# [Dataset entries]
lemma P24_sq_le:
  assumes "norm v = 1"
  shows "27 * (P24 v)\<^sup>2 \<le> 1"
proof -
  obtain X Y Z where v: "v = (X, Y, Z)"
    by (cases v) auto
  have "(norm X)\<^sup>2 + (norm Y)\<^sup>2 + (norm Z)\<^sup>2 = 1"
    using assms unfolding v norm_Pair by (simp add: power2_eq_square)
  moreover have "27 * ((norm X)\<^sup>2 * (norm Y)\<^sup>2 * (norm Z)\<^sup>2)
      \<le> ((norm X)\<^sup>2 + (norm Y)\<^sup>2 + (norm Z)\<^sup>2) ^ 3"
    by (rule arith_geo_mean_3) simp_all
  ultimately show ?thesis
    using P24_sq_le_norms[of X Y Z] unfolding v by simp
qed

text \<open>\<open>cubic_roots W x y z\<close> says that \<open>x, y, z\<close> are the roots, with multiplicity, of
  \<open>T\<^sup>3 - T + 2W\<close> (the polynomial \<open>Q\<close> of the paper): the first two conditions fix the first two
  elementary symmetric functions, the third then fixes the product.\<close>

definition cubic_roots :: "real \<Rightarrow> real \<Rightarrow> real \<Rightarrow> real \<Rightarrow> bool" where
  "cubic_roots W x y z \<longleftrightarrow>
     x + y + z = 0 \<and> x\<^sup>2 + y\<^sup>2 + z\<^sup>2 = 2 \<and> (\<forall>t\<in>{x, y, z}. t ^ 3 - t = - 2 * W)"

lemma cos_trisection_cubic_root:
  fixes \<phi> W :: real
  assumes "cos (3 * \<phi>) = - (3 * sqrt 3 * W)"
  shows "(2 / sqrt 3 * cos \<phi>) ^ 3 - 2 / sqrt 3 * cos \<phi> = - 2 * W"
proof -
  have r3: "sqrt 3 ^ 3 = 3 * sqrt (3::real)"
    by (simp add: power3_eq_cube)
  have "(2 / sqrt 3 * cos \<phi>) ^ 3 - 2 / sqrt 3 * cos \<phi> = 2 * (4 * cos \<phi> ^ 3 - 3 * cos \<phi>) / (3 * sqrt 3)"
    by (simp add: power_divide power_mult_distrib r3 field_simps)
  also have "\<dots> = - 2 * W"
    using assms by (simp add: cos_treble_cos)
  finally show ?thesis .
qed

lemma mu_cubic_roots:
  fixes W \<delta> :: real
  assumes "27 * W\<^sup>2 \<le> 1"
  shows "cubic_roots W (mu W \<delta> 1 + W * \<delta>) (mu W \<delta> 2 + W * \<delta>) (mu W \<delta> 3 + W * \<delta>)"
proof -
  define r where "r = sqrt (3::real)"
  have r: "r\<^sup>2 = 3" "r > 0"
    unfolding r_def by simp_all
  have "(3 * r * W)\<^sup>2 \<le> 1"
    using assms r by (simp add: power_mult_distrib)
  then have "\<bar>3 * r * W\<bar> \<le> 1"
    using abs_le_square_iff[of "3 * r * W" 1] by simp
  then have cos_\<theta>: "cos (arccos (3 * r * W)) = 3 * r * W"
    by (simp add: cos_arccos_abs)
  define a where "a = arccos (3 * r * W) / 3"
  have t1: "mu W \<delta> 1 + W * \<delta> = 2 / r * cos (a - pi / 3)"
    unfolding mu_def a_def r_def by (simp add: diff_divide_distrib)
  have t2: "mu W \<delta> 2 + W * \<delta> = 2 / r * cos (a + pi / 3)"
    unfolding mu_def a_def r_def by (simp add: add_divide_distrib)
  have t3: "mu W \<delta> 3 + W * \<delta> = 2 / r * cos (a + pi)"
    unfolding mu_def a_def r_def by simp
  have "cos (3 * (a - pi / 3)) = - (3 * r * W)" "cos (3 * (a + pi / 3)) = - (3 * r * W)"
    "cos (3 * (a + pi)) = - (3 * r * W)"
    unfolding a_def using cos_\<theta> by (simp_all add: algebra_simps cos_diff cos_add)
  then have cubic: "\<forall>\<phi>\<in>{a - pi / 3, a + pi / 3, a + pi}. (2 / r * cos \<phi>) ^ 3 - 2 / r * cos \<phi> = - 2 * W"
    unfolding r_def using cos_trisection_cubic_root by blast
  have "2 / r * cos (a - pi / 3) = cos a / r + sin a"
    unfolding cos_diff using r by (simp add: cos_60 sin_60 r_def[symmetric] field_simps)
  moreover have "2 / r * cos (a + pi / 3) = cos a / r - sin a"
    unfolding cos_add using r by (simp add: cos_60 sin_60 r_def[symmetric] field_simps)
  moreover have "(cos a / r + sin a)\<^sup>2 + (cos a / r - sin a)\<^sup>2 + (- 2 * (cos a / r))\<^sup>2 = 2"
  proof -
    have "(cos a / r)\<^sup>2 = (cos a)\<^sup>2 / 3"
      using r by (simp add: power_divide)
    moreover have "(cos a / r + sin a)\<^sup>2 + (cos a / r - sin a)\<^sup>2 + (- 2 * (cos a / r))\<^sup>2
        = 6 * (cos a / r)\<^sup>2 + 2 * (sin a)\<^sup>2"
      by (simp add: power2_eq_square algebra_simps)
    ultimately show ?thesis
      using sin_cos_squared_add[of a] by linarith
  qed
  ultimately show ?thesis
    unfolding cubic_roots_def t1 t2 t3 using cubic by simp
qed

# [What is needed]
A copy of each line in the data above that holds the string "unfolding" is needed.

# [Exercise response]
    using assms unfolding v norm_Pair by (simp add: power2_eq_square)
    using P24_sq_le_norms[of X Y Z] unfolding v by simp
    unfolding r_def by simp_all
    unfolding mu_def a_def r_def by (simp add: diff_divide_distrib)
    unfolding mu_def a_def r_def by (simp add: add_divide_distrib)
    unfolding mu_def a_def r_def by simp
    unfolding a_def using cos_\<theta> by (simp_all add: algebra_simps cos_diff cos_add)
    unfolding r_def using cos_trisection_cubic_root by blast
    unfolding cos_diff using r by (simp add: cos_60 sin_60 r_def[symmetric] field_simps)
    unfolding cos_add using r by (simp add: cos_60 sin_60 r_def[symmetric] field_simps)
    unfolding cubic_roots_def t1 t2 t3 using cubic by simp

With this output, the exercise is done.